Yesterday I realized that welp, I've had a tough time professionally since relocating to California. You might not know this about me from this blog or from my posts of late, but in Maryland I was pretty much a badass. Not a badass in my head, like I am when I squat with a whole 10 lbs, and consider myself a fitness success story (ha hahahahahahah!) but an actual badass. I was a badass. I won't go on about it, just trust me when I say I was a badass. Legend. Killer reputation for being the BEST.
More importantly, I was fearless. Confident. I made quick decisions and didn't second-guess myself EVER. I made quick decisions that were dead-on.
It's a lot different today. True, the stakes are higher: I'm providing for a family and have new job which I'm thankful for. Then: My job basically supported my happy hour habit, covered the rent, and I continuously felt like the company was LUCKY to have me.
I wish I felt that way today. I wish my last job didn't rattle my confidence to the core. I wish I didn't self-flagellate over every decision at my new job and I wish more than anything, I could just be a badass again. I wish I wasn't consumed by anxiety and instead just acted.

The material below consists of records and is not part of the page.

(* Let $\mathcal{H}$ be a complex Hilbert space and let $A\in\mathcal{B}(\mathcal{H})$ be a hyponormal operator, i.e. $A^*A-AA^*\ge 0$. Define \[ \xi_{|A|}=\inf_{\|x\|=1}\left\{\frac{\langle(|A|-|A^*|)x,x\rangle}{\langle(|A|+|A^*|)x,x\rangle}\right\}. \] Then for every non-negative, non-decreasing, operator convex function $f$ on $[0,\infty)$, \[ f(\omega(A))\le \frac12\left\| f\!\left(\frac{1}{1+\frac{\xi_{|A|}^2}{8}}|A|\right)+f\!\left(\frac{1}{1+\frac{\xi_{|A|}^2}{8}}|A^*|\right)\right\|. \]
   Context: $\mathcal{B}(\mathcal{H})$ denotes the algebra of bounded linear operators on $\mathcal{H}$; $|A|=(A^*A)^{1/2}$; $\omega(A)=\sup_{\|x\|=1}|\langle Ax,x\rangle|$ is the numerical radius and $\|\cdot\|$ the operator norm. A continuous real function $f$ on an interval $I$ is operator convex if $f(\lambda S+(1-\lambda)T)\le \lambda f(S)+(1-\lambda)f(T)$ for all self-adjoint $S,T$ with spectra in $I$ and all $\lambda\in[0,1]$. *)

theory Defs
  imports "HOL-Analysis.Analysis" "HOL-Computational_Algebra.Polynomial"
begin

class complex_inner = real_normed_vector +
  fixes scaleC :: "complex \<Rightarrow> 'a \<Rightarrow> 'a"
  fixes cinner :: "'a \<Rightarrow> 'a \<Rightarrow> complex"
  assumes scaleC_add_right: "scaleC a (x + y) = scaleC a x + scaleC a y"
    and scaleC_add_left: "scaleC (a + b) x = scaleC a x + scaleC b x"
    and scaleC_scaleC: "scaleC a (scaleC b x) = scaleC (a * b) x"
    and scaleC_one: "scaleC 1 x = x"
    and scaleR_scaleC: "scaleR r x = scaleC (complex_of_real r) x"
    and cinner_commute: "cinner x y = cnj (cinner y x)"
    and cinner_add_left: "cinner (x + y) z = cinner x z + cinner y z"
    and cinner_scaleC_left: "cinner (scaleC c x) y = cnj c * cinner x y"
    and cinner_self_real: "Im (cinner x x) = 0"
    and cinner_self_ge_zero: "0 \<le> Re (cinner x x)"
    and cinner_eq_zero_iff: "cinner x x = 0 \<longleftrightarrow> x = 0"
    and norm_eq_sqrt_cinner: "norm x = sqrt (Re (cinner x x))"

class chilbert = complex_inner + complete_space

definition bop :: "('a::complex_inner \<Rightarrow> 'a) \<Rightarrow> bool" where
  "bop T \<longleftrightarrow> bounded_linear T \<and> (\<forall>c x. T (scaleC c x) = scaleC c (T x))"

definition adj :: "('a::complex_inner \<Rightarrow> 'a) \<Rightarrow> ('a \<Rightarrow> 'a)" where
  "adj T = (THE S. \<forall>x y. cinner (T x) y = cinner x (S y))"

definition pos_op :: "('a::complex_inner \<Rightarrow> 'a) \<Rightarrow> bool" where
  "pos_op T \<longleftrightarrow> bop T \<and> (\<forall>x. Im (cinner x (T x)) = 0 \<and> 0 \<le> Re (cinner x (T x)))"
(* Let $G$ be a finite group acting on a complex abelian variety $A$, and let $H\le G$. Let $H_1,\dots,H_s$ be the double cosets of $H$ in $G$, and $q_i:=\frac1{|H|}\sum_{y\in H_i}y$. Let $V$ be an irreducible complex representation of $G$ with $\dim V^H=1$ and $\chi_V$ rational-valued, with associated irreducible rational representation $W$. Then $\chi_V(q_i)\in\mathbb{Z}$ for all $i$, and $$q_i(z)=\chi_V(q_i)\,z\quad\text{for all } z\in A_{H,\widetilde W}\text{ and all } i=1,\dots,s.$$
   Context: The action of $G$ on $A$ induces an algebra homomorphism $\mathbb{Q}[G]\to\mathrm{End}_{\mathbb Q}(A)$. Elements of $\mathbb{Q}[G]$ are identified with their images. Set $p_H:=\frac1{|H|}\sum_{h\in H}h$ and $A_H:=\mathrm{Im}(np_H)$ for a suitable positive integer $n$; the $q_i$ act as endomorphisms of $A_H$. $\chi_V$ is extended linearly to $\mathbb{Q}[G]$. Define $e_W:=\frac{\dim V}{|G|}\sum_{g}\chi_V(g^{-1})g$, $f_{H,\widetilde W}:=p_He_W$, and $A_{H,\widetilde W}:=\mathrm{Im}(f_{H,\widetilde W})$, with $\mathrm{Im}(\alpha)=\mathrm{Im}(n\alpha)$ for any positive integer $n$ making $n\alpha$ an endomorphism. *)

theory Defs
  imports "HOL-Algebra.Coset" "Jordan_Normal_Form.Matrix"
begin

definition zmul :: "int \<Rightarrow> 'a::ab_group_add \<Rightarrow> 'a" where
  "zmul k a = (if 0 \<le> k then (\<Sum>i<nat k. a) else - (\<Sum>i<nat (- k). a))"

I know it's about taking baby steps, and feeling slightly more confident incrementally. But sometimes, like yesterday, I end up crying in the conference room convinced my worst fears are coming true and wondering, how the hell did I get here.
Then I go to therapy and re-tell the stories of my last job and realize: THAT'S how I got here. And I wish it was as easy as saying, that was then, this is now. I really do. But sometimes it's not that easy.
Everyone feels wobbly sometime, my mother in law reminded me last night. She's right. Pete texted me and reminded me I'm a total badass, so stop acting like anything but. Lauren told me to breathe deep and just stop going to the scary place.
I'm trying to take deep breaths and visualize how I felt in Maryland; to push through the scaries and visualize being amazing. Sometimes it's highly effective, like today. So I guess I'll keep plodding through and trying to listen to myself and channel my inner badass.
If you have any tips on how to overcome a really bad professional experience, I'm all ears.